The ongoing normalisation of the banking system liquidity should push borrowers to up the ante on liquidity management, according to India Ratings and Research (Ind-Ra).
The credit rating agency opined that corporates and financial institutions should gear up for the normalcy in the liquidity contour, especially entities having weak financial strength.
Although there may not be any liquidity crunch at the system level in the foreseeable future, volatile global conditions could pose the risk of refinancing, especially for weak entities, said Soumyajit Niyogi, Associate Director, Ind-Ra.
VRRR operation encouraging
He noted that overall, the efficacy of long-term Variable Rate Reverse Repo (VRRR) auction seems to be encouraging, as it has mopped-up excess liquidity in the system without permanent sterilisation.
Thus, the liquidity normalisation has alleviated the risk of large open market sales by the Reserve Bank of India that could have led to permanent sterilisation, and reduced the risk of improper market activities owing to sustained low rates.
With the introduction of long-term VRRR, the daily parking of surplus liquidity has changed to a longer period, starting from 7 days to 28 days.
“Now, banks are parking their surplus liquidity on a long-term basis in sync with their views on demand for liquidity. This has resulted in a significant drop in the daily surplus limit, and turned marginally surplus,” Niyogi said.
Ind-Ra believes the new regime would bring back normal friction in the money market segment. Thus, occasionally, bouts of volatility in the short-term rates owing to the changes in system liquidity cannot be ruled out.

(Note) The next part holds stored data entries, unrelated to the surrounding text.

(* Let $0\to\mathfrak h\xrightarrow{i}\hat{\mathfrak g}\xrightarrow{p}\mathfrak g\to0$ be an abelian extension of a difference Lie algebra $(\mathfrak g,D)$ by $(\mathfrak h,K)$, with $\hat{\mathfrak g}$ carrying the difference operator $\hat D$, and identify $\mathfrak h$ with $i(\mathfrak h)\subset\hat{\mathfrak g}$. For a section $s$ (a linear map $s:\mathfrak g\to\hat{\mathfrak g}$ with $p\circ s=\mathrm{Id}$), define $\varrho:\mathfrak g\to\mathfrak{gl}(\mathfrak h)$ by $\varrho(x)u=[s(x),u]_{\hat{\mathfrak g}}$. Then $\varrho$ is a representation of $(\mathfrak g,D)$ on $\mathfrak h$ with respect to $K$, and it does not depend on the choice of section $s$.
   Context: A difference Lie algebra $(\mathfrak g,D)$: a Lie algebra with linear $D$ such that $D[x,y]=[x,D(y)]-[y,D(x)]+[D(x),D(y)]$; a homomorphism of difference Lie algebras is a Lie algebra homomorphism intertwining the operators. An extension of $(\mathfrak g,D)$ by a difference Lie algebra $(\mathfrak h,K)$ is a short exact sequence of Lie algebras $0\to\mathfrak h\xrightarrow{i}\hat{\mathfrak g}\xrightarrow{p}\mathfrak g\to0$ where $(\hat{\mathfrak g},\hat D)$ is a difference Lie algebra and $\hat D\circ i=i\circ K$, $p\circ\hat D=D\circ p$; it is abelian if $\mathfrak h$ is an abelian Lie algebra. A representation of $(\mathfrak g,D)$ on $V$ with respect to $K:V\to V$ is a Lie algebra representation $\varrho$ with $K(\varrho(x)u)=\varrho(D(x))u+\varrho(x)K(u)+\varrho(D(x))K(u)$. *)

theory Defs
  imports Complex_Main
begin

definition lie_algebra :: "('k::field \<Rightarrow> 'a \<Rightarrow> 'a::ab_group_add) \<Rightarrow> ('a \<Rightarrow> 'a \<Rightarrow> 'a) \<Rightarrow> bool" where
  "lie_algebra sc br \<longleftrightarrow>
     vector_space sc \<and>
     (\<forall>y. Vector_Spaces.linear sc sc (\<lambda>x. br x y)) \<and>
     (\<forall>x. Vector_Spaces.linear sc sc (\<lambda>y. br x y)) \<and>
     (\<forall>x. br x x = 0) \<and>
     (\<forall>x y z. br x (br y z) + br y (br z x) + br z (br x y) = 0)"

definition difference_lie_algebra ::
  "('k::field \<Rightarrow> 'a \<Rightarrow> 'a::ab_group_add) \<Rightarrow> ('a \<Rightarrow> 'a \<Rightarrow> 'a) \<Rightarrow> ('a \<Rightarrow> 'a) \<Rightarrow> bool" where
  "difference_lie_algebra sc br D \<longleftrightarrow>
     lie_algebra sc br \<and> Vector_Spaces.linear sc sc D \<and>
     (\<forall>x y. D (br x y) = br x (D y) - br y (D x) + br (D x) (D y))"

definition lie_hom ::
  "('k::field \<Rightarrow> 'a \<Rightarrow> 'a::ab_group_add) \<Rightarrow> ('a \<Rightarrow> 'a \<Rightarrow> 'a) \<Rightarrow>
   ('k \<Rightarrow> 'b \<Rightarrow> 'b::ab_group_add) \<Rightarrow> ('b \<Rightarrow> 'b \<Rightarrow> 'b) \<Rightarrow> ('a \<Rightarrow> 'b) \<Rightarrow> bool" where
  "lie_hom sa bra sb brb f \<longleftrightarrow>
     Vector_Spaces.linear sa sb f \<and> (\<forall>x y. f (bra x y) = brb (f x) (f y))"

definition abelian_extension ::
  "('k::field \<Rightarrow> 'g \<Rightarrow> 'g::ab_group_add) \<Rightarrow> ('g \<Rightarrow> 'g \<Rightarrow> 'g) \<Rightarrow> ('g \<Rightarrow> 'g) \<Rightarrow>
   ('k \<Rightarrow> 'h \<Rightarrow> 'h::ab_group_add) \<Rightarrow> ('h \<Rightarrow> 'h \<Rightarrow> 'h) \<Rightarrow> ('h \<Rightarrow> 'h) \<Rightarrow>
   ('k \<Rightarrow> 'e \<Rightarrow> 'e::ab_group_add) \<Rightarrow> ('e \<Rightarrow> 'e \<Rightarrow> 'e) \<Rightarrow> ('e \<Rightarrow> 'e) \<Rightarrow>
   ('h \<Rightarrow> 'e) \<Rightarrow> ('e \<Rightarrow> 'g) \<Rightarrow> bool" where
  "abelian_extension sg brg D sh brh K se bre hD i p \<longleftrightarrow>
     difference_lie_algebra sg brg D \<and>
     difference_lie_algebra sh brh K \<and>
     difference_lie_algebra se bre hD \<and>
     lie_hom sh brh se bre i \<and> lie_hom se bre sg brg p \<and>
     inj i \<and> surj p \<and> range i = {x. p x = 0} \<and>
     (\<forall>u v. brh u v = 0) \<and>
     hD \<circ> i = i \<circ> K \<and> p \<circ> hD = D \<circ> p"

definition lie_representation ::
  "('k::field \<Rightarrow> 'g \<Rightarrow> 'g::ab_group_add) \<Rightarrow> ('g \<Rightarrow> 'g \<Rightarrow> 'g) \<Rightarrow>
   ('k \<Rightarrow> 'v \<Rightarrow> 'v::ab_group_add) \<Rightarrow> ('g \<Rightarrow> 'v \<Rightarrow> 'v) \<Rightarrow> bool" where
  "lie_representation sg brg sv \<rho> \<longleftrightarrow>
     vector_space sv \<and>
     (\<forall>v. Vector_Spaces.linear sg sv (\<lambda>x. \<rho> x v)) \<and>
     (\<forall>x. Vector_Spaces.linear sv sv (\<rho> x)) \<and>
     (\<forall>x y v. \<rho> (brg x y) v = \<rho> x (\<rho> y v) - \<rho> y (\<rho> x v))"

definition difference_representation ::
  "('k::field \<Rightarrow> 'g \<Rightarrow> 'g::ab_group_add) \<Rightarrow> ('g \<Rightarrow> 'g \<Rightarrow> 'g) \<Rightarrow> ('g \<Rightarrow> 'g) \<Rightarrow>
   ('k \<Rightarrow> 'v \<Rightarrow> 'v::ab_group_add) \<Rightarrow> ('v \<Rightarrow> 'v) \<Rightarrow> ('g \<Rightarrow> 'v \<Rightarrow> 'v) \<Rightarrow> bool" where
  "difference_representation sg brg D sv K \<rho> \<longleftrightarrow>
     lie_representation sg brg sv \<rho> \<and> Vector_Spaces.linear sv sv K \<and>
     (\<forall>x u. K (\<rho> x u) = \<rho> (D x) u + \<rho> x (K u) + \<rho> (D x) (K u))"

definition lin_section :: "('k::field \<Rightarrow> 'g \<Rightarrow> 'g::ab_group_add) \<Rightarrow> ('k \<Rightarrow> 'e \<Rightarrow> 'e::ab_group_add) \<Rightarrow>
   ('e \<Rightarrow> 'g) \<Rightarrow> ('g \<Rightarrow> 'e) \<Rightarrow> bool" where
  "lin_section sg se p s \<longleftrightarrow> Vector_Spaces.linear sg se s \<and> p \<circ> s = id"

text \<open>rho_s(x)u = [s(x), u] with h identified with i(h): the unique v with i v = [s x, i u].\<close>

definition induced_rep :: "('e \<Rightarrow> 'e \<Rightarrow> 'e) \<Rightarrow> ('h \<Rightarrow> 'e) \<Rightarrow> ('g \<Rightarrow> 'e) \<Rightarrow> 'g \<Rightarrow> 'h \<Rightarrow> 'h" where
  "induced_rep bre i s x u = the_inv i (bre (s x) (i u))"

end

theory Submission
  imports Defs
begin

(* Since the kernel i(h) is an abelian ideal, the bracket [a, i u] depends only on p a. Hence rho
   does not depend on the section, and s x may be replaced by any lift of x: [s x, s y] for
   s [x, y] and hD (s x) for s (D x). The representation identity is then the Jacobi identity
   of the extension, and the compatibility with K is the difference identity of hD applied to
   [s x, i u]. *)

lemma lie_hom_module_hom: "lie_hom sa bra sb brb f \<Longrightarrow> module_hom sa sb f"
  unfolding lie_hom_def by (simp add: module_hom_iff_linear)

lemma lie_hom_bracket: "lie_hom sa bra sb brb f \<Longrightarrow> f (bra x y) = brb (f x) (f y)"
  unfolding lie_hom_def by blast

lemma lin_section_module_hom: "lin_section sg se p s \<Longrightarrow> module_hom sg se s"
  unfolding lin_section_def by (simp add: module_hom_iff_linear)

lemma lin_section_apply: "lin_section sg se p s \<Longrightarrow> p (s x) = x"
  unfolding lin_section_def by (metis comp_apply id_apply)

locale lie_alg =
  fixes scale :: "'k::field \<Rightarrow> 'a \<Rightarrow> 'a::ab_group_add" and bracket :: "'a \<Rightarrow> 'a \<Rightarrow> 'a"
  assumes lie_algebra: "lie_algebra scale bracket"
begin

lemma vector_space: "vector_space scale"
  using lie_algebra unfolding lie_algebra_def by blast

lemma module_hom_left: "module_hom scale scale (\<lambda>x. bracket x y)"
  using lie_algebra unfolding lie_algebra_def by (simp add: module_hom_iff_linear)

lemma module_hom_right: "module_hom scale scale (bracket x)"
  using lie_algebra unfolding lie_algebra_def by (simp add: module_hom_iff_linear)

lemmas add_left = module_hom.add[OF module_hom_left]
  and scale_left = module_hom.scale[OF module_hom_left]
  and diff_left = module_hom.diff[OF module_hom_left]
  and add_right = module_hom.add[OF module_hom_right]
  and scale_right = module_hom.scale[OF module_hom_right]
  and zero_right = module_hom.zero[OF module_hom_right]
  and neg_right = module_hom.neg[OF module_hom_right]

lemma alternating: "bracket a a = 0"
  using lie_algebra unfolding lie_algebra_def by blast

lemma anticommute: "bracket a b = - bracket b a"
proof -
  have "bracket a b + bracket b a = bracket (a + b) (a + b)"
    by (simp add: add_left add_right alternating[of a] alternating[of b])
  also have "\<dots> = 0"
    by (rule alternating)
  finally show ?thesis
    by (simp add: eq_neg_iff_add_eq_0)
qed

lemma jacobi_left: "bracket (bracket a b) c = bracket a (bracket b c) - bracket b (bracket a c)"
proof -
  have "bracket a (bracket b c) + bracket b (bracket c a) + bracket c (bracket a b) = 0"
    using lie_algebra unfolding lie_algebra_def by blast
  then show ?thesis
    using anticommute[of c "bracket a b"] anticommute[of c a] by (simp add: neg_right algebra_simps)
qed

end

lemma difference_lie_algebra_bracket:
  assumes "difference_lie_algebra sc br D"
  shows "D (br a b) = br a (D b) + br (D a) b + br (D a) (D b)"
proof -
  interpret lie_alg sc br
    using assms unfolding difference_lie_algebra_def by unfold_locales blast
  show ?thesis
    using assms unfolding difference_lie_algebra_def by (simp add: anticommute[of b])
qed

locale abelian_lie_extension =
  fixes sg :: "'k::field \<Rightarrow> 'g \<Rightarrow> 'g::ab_group_add" and brg :: "'g \<Rightarrow> 'g \<Rightarrow> 'g" and D :: "'g \<Rightarrow> 'g"
    and sh :: "'k \<Rightarrow> 'h \<Rightarrow> 'h::ab_group_add" and brh :: "'h \<Rightarrow> 'h \<Rightarrow> 'h" and K :: "'h \<Rightarrow> 'h"
    and se :: "'k \<Rightarrow> 'e \<Rightarrow> 'e::ab_group_add" and bre :: "'e \<Rightarrow> 'e \<Rightarrow> 'e" and hD :: "'e \<Rightarrow> 'e"
    and i :: "'h \<Rightarrow> 'e" and p :: "'e \<Rightarrow> 'g"
  assumes extension: "abelian_extension sg brg D sh brh K se bre hD i p"
begin

lemma
  g_difference: "difference_lie_algebra sg brg D" and
  h_difference: "difference_lie_algebra sh brh K" and
  e_difference: "difference_lie_algebra se bre hD" and
  i_hom: "lie_hom sh brh se bre i" and
  p_hom: "lie_hom se bre sg brg p" and
  inj_i: "inj i" and
  range_i: "range i = {x. p x = 0}" and
  h_abelian: "brh u v = 0" and
  hD_i: "hD (i u) = i (K u)" and
  p_hD: "p (hD a) = D (p a)"
  using extension unfolding abelian_extension_def by (auto simp: fun_eq_iff)

sublocale g: lie_alg sg brg
  using g_difference unfolding difference_lie_algebra_def by unfold_locales blast

sublocale h: lie_alg sh brh
  using h_difference unfolding difference_lie_algebra_def by unfold_locales blast

sublocale e: lie_alg se bre
  using e_difference unfolding difference_lie_algebra_def by unfold_locales blast

sublocale i: module_hom sh se i
  using i_hom by (rule lie_hom_module_hom)

sublocale p: module_hom se sg p
  using p_hom by (rule lie_hom_module_hom)

lemma bracket_kernel_abelian: "bre (i u) (i v) = 0"
  using lie_hom_bracket[OF i_hom, of u v] by (simp add: h_abelian)

lemma p_i: "p (i u) = 0"
  using range_i by auto

lemma bracket_kernel_in_range: "bre a (i u) \<in> range i"
  using lie_hom_bracket[OF p_hom, of a "i u"] range_i by (simp add: p_i g.zero_right)

lemma bracket_kernel_cong:
  assumes "p a = p b"
  shows "bre a (i u) = bre b (i u)"
proof -
  have "a - b \<in> range i"
    using assms range_i by (simp add: p.diff)
  then have "bre (a - b) (i u) = 0"
    using bracket_kernel_abelian by auto
  then show ?thesis
    by (simp add: e.diff_left)
qed

lemma induced_rep_eq: "i (induced_rep bre i s x u) = bre (s x) (i u)"
  unfolding induced_rep_def using bracket_kernel_in_range inj_i by (auto simp: f_the_inv_into_f)

lemma induced_rep_unique: "i v = bre (s x) (i u) \<Longrightarrow> induced_rep bre i s x u = v"
  using induced_rep_eq inj_i by (metis injD)

lemma induced_rep_section_independent:
  assumes "lin_section sg se p s" and "lin_section sg se p s'"
  shows "induced_rep bre i s' = induced_rep bre i s"
  unfolding induced_rep_def fun_eq_iff
  using bracket_kernel_cong lin_section_apply[OF assms(1)] lin_section_apply[OF assms(2)] by metis

context
  fixes s :: "'g \<Rightarrow> 'e"
  assumes s_section: "lin_section sg se p s"
begin

interpretation s: module_hom sg se s
  using s_section by (rule lin_section_module_hom)

lemma lie_representation_induced_rep: "lie_representation sg brg sh (induced_rep bre i s)"
proof -
  let ?\<rho> = "induced_rep bre i s"
  have "Vector_Spaces.linear sg sh (\<lambda>x. ?\<rho> x v)" for v
    unfolding Vector_Spaces.linear_iff using g.vector_space h.vector_space
    by (auto intro!: induced_rep_unique
        simp: i.add i.scale induced_rep_eq s.add s.scale e.add_left e.scale_left)
  moreover have "Vector_Spaces.linear sh sh (?\<rho> x)" for x
    unfolding Vector_Spaces.linear_iff using h.vector_space
    by (auto intro!: induced_rep_unique simp: i.add i.scale induced_rep_eq e.add_right e.scale_right)
  moreover have "?\<rho> (brg x y) v = ?\<rho> x (?\<rho> y v) - ?\<rho> y (?\<rho> x v)" for x y v
  proof (rule induced_rep_unique)
    have "bre (s (brg x y)) (i v) = bre (bre (s x) (s y)) (i v)"
      using s_section
      by (intro bracket_kernel_cong) (simp add: lie_hom_bracket[OF p_hom] lin_section_apply)
    then show "i (?\<rho> x (?\<rho> y v) - ?\<rho> y (?\<rho> x v)) = bre (s (brg x y)) (i v)"
      by (simp add: i.diff induced_rep_eq e.jacobi_left)
  qed
  ultimately show ?thesis
    unfolding lie_representation_def using h.vector_space by blast
qed

lemma induced_rep_difference:
  "K (induced_rep bre i s x u) =
     induced_rep bre i s (D x) u + induced_rep bre i s x (K u) + induced_rep bre i s (D x) (K u)"
proof (rule injD[OF inj_i])
  have hD_s: "bre (hD (s x)) (i w) = bre (s (D x)) (i w)" for w
    using s_section by (intro bracket_kernel_cong) (simp add: p_hD lin_section_apply)
  have "i (K (induced_rep bre i s x u)) = hD (bre (s x) (i u))"
    by (simp add: induced_rep_eq flip: hD_i)
  also have "\<dots> = bre (s x) (i (K u)) + bre (s (D x)) (i u) + bre (s (D x)) (i (K u))"
    using difference_lie_algebra_bracket[OF e_difference] by (simp add: hD_i hD_s)
  finally show "i (K (induced_rep bre i s x u)) =
      i (induced_rep bre i s (D x) u + induced_rep bre i s x (K u) + induced_rep bre i s (D x) (K u))"
    by (simp add: i.add induced_rep_eq algebra_simps)
qed

lemma difference_representation_induced_rep:
  "difference_representation sg brg D sh K (induced_rep bre i s)"
  unfolding difference_representation_def
  using lie_representation_induced_rep induced_rep_difference h_difference
  unfolding difference_lie_algebra_def by blast

end

end

theorem proposition4p14:
  fixes sg :: "'k::field \<Rightarrow> 'g \<Rightarrow> 'g::ab_group_add" and brg :: "'g \<Rightarrow> 'g \<Rightarrow> 'g" and D :: "'g \<Rightarrow> 'g"
    and sh :: "'k \<Rightarrow> 'h \<Rightarrow> 'h::ab_group_add" and brh :: "'h \<Rightarrow> 'h \<Rightarrow> 'h" and K :: "'h \<Rightarrow> 'h"
    and se :: "'k \<Rightarrow> 'e \<Rightarrow> 'e::ab_group_add" and bre :: "'e \<Rightarrow> 'e \<Rightarrow> 'e" and hD :: "'e \<Rightarrow> 'e"
    and i :: "'h \<Rightarrow> 'e" and p :: "'e \<Rightarrow> 'g" and s :: "'g \<Rightarrow> 'e"
  assumes "abelian_extension sg brg D sh brh K se bre hD i p"
    and "lin_section sg se p s"
  shows "(\<forall>x u. bre (s x) (i u) \<in> range i)
    \<and> difference_representation sg brg D sh K (induced_rep bre i s)
    \<and> (\<forall>s'. lin_section sg se p s' \<longrightarrow> induced_rep bre i s' = induced_rep bre i s)"
proof -
  interpret abelian_lie_extension sg brg D sh brh K se bre hD i p
    using assms(1) by unfold_locales
  show ?thesis
    using bracket_kernel_in_range difference_representation_induced_rep[OF assms(2)]
      induced_rep_section_independent[OF assms(2)] by blast
qed

end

The source of volatility could be tax payment (both advance tax or GST), government spending or lumpy inflow or outflow flow in capital account, according to Niyogi.
Forex reserves to fall
Ind-Ra expects sharp deterioration in the current account deficit (CAD) in FY23 to 2.3 per cent of GDP as opposed to the average 1 per cent CAD in the past few years will drain out a large amount of primary liquidity,
Moreover, rising rates globally and volatile equity markets could put a further drag on the overall balance of payment (account. Therefore, on net-net basis the forex reserves is expected to fall in FY23,
Rates to face upward bias
Ind-Ra believes the overall rate sentiment would face an upward bias.
The recent rise in yields has factored in two critical developments: the shift in the overnight rate to repo (4 per cent) from reverse repo (3.35 per cent) and tacit normalisation by the RBI from an ultra-loose policy to a loose policy.
The overall yield structure has also been affected, owing to the announcement of a large supply of government securities in the Budget.